> [PROBLEM] Filter the records, keeping every line that has the string "dots".

[RECORDS SHOWN Boundary: Start]

lemma cyclically_monotone_potential:
  fixes \<phi> \<psi> :: "'i \<Rightarrow> 'a::real_inner"
  assumes "cyclically_monotone (range (\<lambda>i. (\<phi> i, \<psi> i)))"
  obtains h where "\<And>j k. h j + \<psi> j \<bullet> (\<phi> k - \<phi> j) \<le> h k"
proof -
  fix i0 :: 'i
  define chains :: "'i \<Rightarrow> ((nat \<Rightarrow> 'i) \<times> nat) set"
    where "chains j = {(c, n). c 0 = i0 \<and> c n = j}" for j
  define h where "h j = (SUP (c, n)\<in>chains j. chain_gain \<phi> \<psi> c n)" for j
  have nonempty: "chains j \<noteq> {}" for j
    unfolding chains_def by (auto intro!: exI[of _ "(\<lambda>_. i0)(1 := j)"] exI[of _ 1])
  have bounded: "bdd_above ((\<lambda>(c, n). chain_gain \<phi> \<psi> c n) ` chains j)" for j
  proof (rule bdd_aboveI2)
    fix p assume "p \<in> chains j"
    then obtain c n where "p = (c, n)" "c 0 = i0" "c n = j"
      by (auto simp: chains_def)
    then show "(case p of (c, n) \<Rightarrow> chain_gain \<phi> \<psi> c n) \<le> \<psi> j \<bullet> (\<phi> j - \<phi> i0)"
      using chain_gain_cycle_nonpos[OF assms, of c n] by (simp add: inner_diff_right)
  qed
  have "h j \<le> h k - \<psi> j \<bullet> (\<phi> k - \<phi> j)" for j k
    unfolding h_def[of j]
  proof (rule cSUP_least[OF nonempty], clarify)
    fix c n assume "(c, n) \<in> chains j"
    then have "(c(Suc n := k), Suc n) \<in> chains k" and "c n = j"
      by (auto simp: chains_def)
    then show "chain_gain \<phi> \<psi> c n \<le> h k - \<psi> j \<bullet> (\<phi> k - \<phi> j)"
      using cSUP_upper[OF _ bounded, of _ k] by (fastforce simp: h_def chain_gain_extend)
  qed
  then show ?thesis
    by (intro that) (simp add: le_diff_eq)
qed

lemma set_pmf_coupling_subset: "is_coupling \<mu> \<nu> \<gamma> \<Longrightarrow> set_pmf \<gamma> \<subseteq> set_pmf \<mu> \<times> set_pmf \<nu>"
  unfolding is_coupling_def by force

lemma expectation_mono_finite_support:
  fixes f g :: "'a \<Rightarrow> real"
  assumes "finite (set_pmf p)" "\<And>x. x \<in> set_pmf p \<Longrightarrow> f x \<le> g x"
  shows "measure_pmf.expectation p f \<le> measure_pmf.expectation p g"
  using assms by (intro integral_mono_AE integrable_measure_pmf_finite) (auto intro: AE_pmfI)

lemma expectation_coupling_add:
  fixes f g :: "'a \<Rightarrow> real"
  assumes \<gamma>: "is_coupling \<mu> \<nu> \<gamma>" and "finite (set_pmf \<mu>)" "finite (set_pmf \<nu>)"
  shows "measure_pmf.expectation \<gamma> (\<lambda>(x, y). f x + g y)
    = measure_pmf.expectation \<mu> f + measure_pmf.expectation \<nu> g"
proof -
  have "finite (set_pmf \<gamma>)"
    using assms finite_subset[OF set_pmf_coupling_subset[OF \<gamma>]] by blast
  then have "measure_pmf.expectation \<gamma> (\<lambda>(x, y). f x + g y)
      = measure_pmf.expectation \<gamma> (\<lambda>p. f (fst p)) + measure_pmf.expectation \<gamma> (\<lambda>p. g (snd p))"
    unfolding case_prod_beta
    by (intro Bochner_Integration.integral_add integrable_measure_pmf_finite)
  then show ?thesis
    using \<gamma> by (auto simp: is_coupling_def simp flip: integral_map_pmf)
qed

lemma optimal_coupling_if_dual_certificate:
  fixes \<mu> \<nu> :: "'a::real_inner pmf"
  assumes \<gamma>: "is_coupling \<mu> \<nu> \<gamma>" and fin: "finite (set_pmf \<mu>)" "finite (set_pmf \<nu>)"
    and dual: "\<And>x y. x \<in> set_pmf \<mu> \<Longrightarrow> y \<in> set_pmf \<nu> \<Longrightarrow> x \<bullet> y \<le> F x + G y"
    and tight: "\<And>x y. (x, y) \<in> set_pmf \<gamma> \<Longrightarrow> F x + G y \<le> x \<bullet> y"
  shows "optimal_coupling \<mu> \<nu> \<gamma>"
proof -
  define Q where "Q = (\<lambda>(x, y). ((norm x)\<^sup>2 - 2 * F x) + ((norm (y::'a))\<^sup>2 - 2 * G y))"
  have cost: "(norm (x - y))\<^sup>2 = (norm x)\<^sup>2 + (norm y)\<^sup>2 - 2 * (x \<bullet> y)" for x y :: 'a
    by (simp add: power2_norm_eq_inner inner_diff_left inner_diff_right inner_commute)
  have finite_coupling: "finite (set_pmf \<gamma>')" if "is_coupling \<mu> \<nu> \<gamma>'" for \<gamma>'
    using fin finite_subset[OF set_pmf_coupling_subset[OF that]] by blast
  have "transport_cost \<gamma> \<le> transport_cost \<gamma>'" if \<gamma>': "is_coupling \<mu> \<nu> \<gamma>'" for \<gamma>'
  proof -
    have "transport_cost \<gamma> \<le> measure_pmf.expectation \<gamma> Q"
      unfolding transport_cost_def
    proof (intro expectation_mono_finite_support[OF finite_coupling[OF \<gamma>]], clarify)
      fix x y assume "(x, y) \<in> set_pmf \<gamma>"
      then have "F x + G y \<le> x \<bullet> y"
        by (rule tight)
      then show "(norm (x - y))\<^sup>2 \<le> Q (x, y)"
        by (simp add: Q_def cost)
    qed
    also have "\<dots> = measure_pmf.expectation \<gamma>' Q"
      unfolding Q_def expectation_coupling_add[OF \<gamma> fin] expectation_coupling_add[OF \<gamma>' fin] ..
    also have "\<dots> \<le> transport_cost \<gamma>'"
      unfolding transport_cost_def
    proof (intro expectation_mono_finite_support[OF finite_coupling[OF \<gamma>']], clarify)
      fix x y assume "(x, y) \<in> set_pmf \<gamma>'"
      then have "x \<bullet> y \<le> F x + G y"
        using set_pmf_coupling_subset[OF \<gamma>'] dual by blast
      then show "Q (x, y) \<le> (norm (x - y))\<^sup>2"
        by (simp add: Q_def cost)
    qed
    finally show ?thesis .
  qed
  then show ?thesis
    using \<gamma> unfolding optimal_coupling_def by blast
qed

lemma optimal_pair_coupling_if_potential:
  fixes \<phi> \<psi> :: "'n::finite \<Rightarrow> 'a::real_inner"
  assumes h: "\<And>j k. h j + \<psi> j \<bullet> (\<phi> k - \<phi> j) \<le> h k"
  shows "optimal_coupling (empirical \<phi>) (empirical \<psi>) (pair_coupling \<phi> \<psi>)"
proof (rule optimal_coupling_if_dual_certificate)
  define F where "F x = h (inv \<phi> x)" for x
  define G where "G y = \<phi> (inv \<psi> y) \<bullet> y - h (inv \<psi> y)" for y
  txt \<open>The choice of preimage does not matter: apply the potential inequality in both directions.\<close>
  have F: "F (\<phi> j) = h j" for j
    using h[of j "inv \<phi> (\<phi> j)"] h[of "inv \<phi> (\<phi> j)" j]
    by (simp add: F_def f_inv_into_f)
  have G: "G (\<psi> i) = \<phi> i \<bullet> \<psi> i - h i" for i
    using h[of i "inv \<psi> (\<psi> i)"] h[of "inv \<psi> (\<psi> i)" i]
    by (simp add: G_def f_inv_into_f inner_diff_right inner_commute)
  show "x \<bullet> y \<le> F x + G y"
    if x: "x \<in> set_pmf (empirical \<phi>)" and y: "y \<in> set_pmf (empirical \<psi>)" for x y
  proof -
    obtain j i where "x = \<phi> j" "y = \<psi> i"
      using x y by (auto simp: empirical_def)
    then show ?thesis
      using h[of i j] by (simp add: F G inner_diff_right inner_commute)
  qed
  show "F x + G y \<le> x \<bullet> y" if "(x, y) \<in> set_pmf (pair_coupling \<phi> \<psi>)" for x y
    using that by (auto simp: pair_coupling_def F G)
qed (auto simp: is_coupling_def empirical_def pair_coupling_def pmf.map_comp o_def)

lemma set_pmf_geodesic_measure_pair_coupling:
  "set_pmf (geodesic_measure (pair_coupling f g) t) = range (\<lambda>i. (1 - t) *\<^sub>R f i + t *\<^sub>R g i)"
  by (simp add: geodesic_measure_def pair_coupling_def image_image)

theorem mainTheorem5:
  fixes \<phi> \<psi> :: "'n::finite \<Rightarrow> real^'d"
  assumes "is_frame \<phi>" and "is_frame \<psi>"
    and "\<not> (\<exists>l<0. is_eigenvalue (mp_pinv (analysis_op \<psi>) ** analysis_op \<phi>) l)"
    and "cyclically_monotone (range (\<lambda>i. (\<phi> i, \<psi> i)))"
  shows "optimal_coupling (empirical \<phi>) (empirical \<psi>) (pair_coupling \<phi> \<psi>) \<and>
         (\<forall>t\<in>{0..1}. span (set_pmf (geodesic_measure (pair_coupling \<phi> \<psi>) t)) = UNIV)"
proof (intro conjI ballI)
  obtain h where "\<And>j k. h j + \<psi> j \<bullet> (\<phi> k - \<phi> j) \<le> h k"
    using cyclically_monotone_potential[OF assms(4)] by blast
  then show "optimal_coupling (empirical \<phi>) (empirical \<psi>) (pair_coupling \<phi> \<psi>)"
    by (rule optimal_pair_coupling_if_potential)
next
  fix t :: real
  assume "t \<in> {0..1}"
  then have "is_frame (\<lambda>i. (1 - t) *\<^sub>R \<phi> i + t *\<^sub>R \<psi> i)"
    using is_frame_convex_comb[OF assms(1-3)] by simp
  then show "span (set_pmf (geodesic_measure (pair_coupling \<phi> \<psi>) t)) = UNIV"
    by (simp add: set_pmf_geodesic_measure_pair_coupling is_frame_def)
qed

end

[RECORDS SHOWN Boundary: End]

> [RESPONSE AREA]
    also have "\<dots> = measure_pmf.expectation \<gamma>' Q"
    also have "\<dots> \<le> transport_cost \<gamma>'"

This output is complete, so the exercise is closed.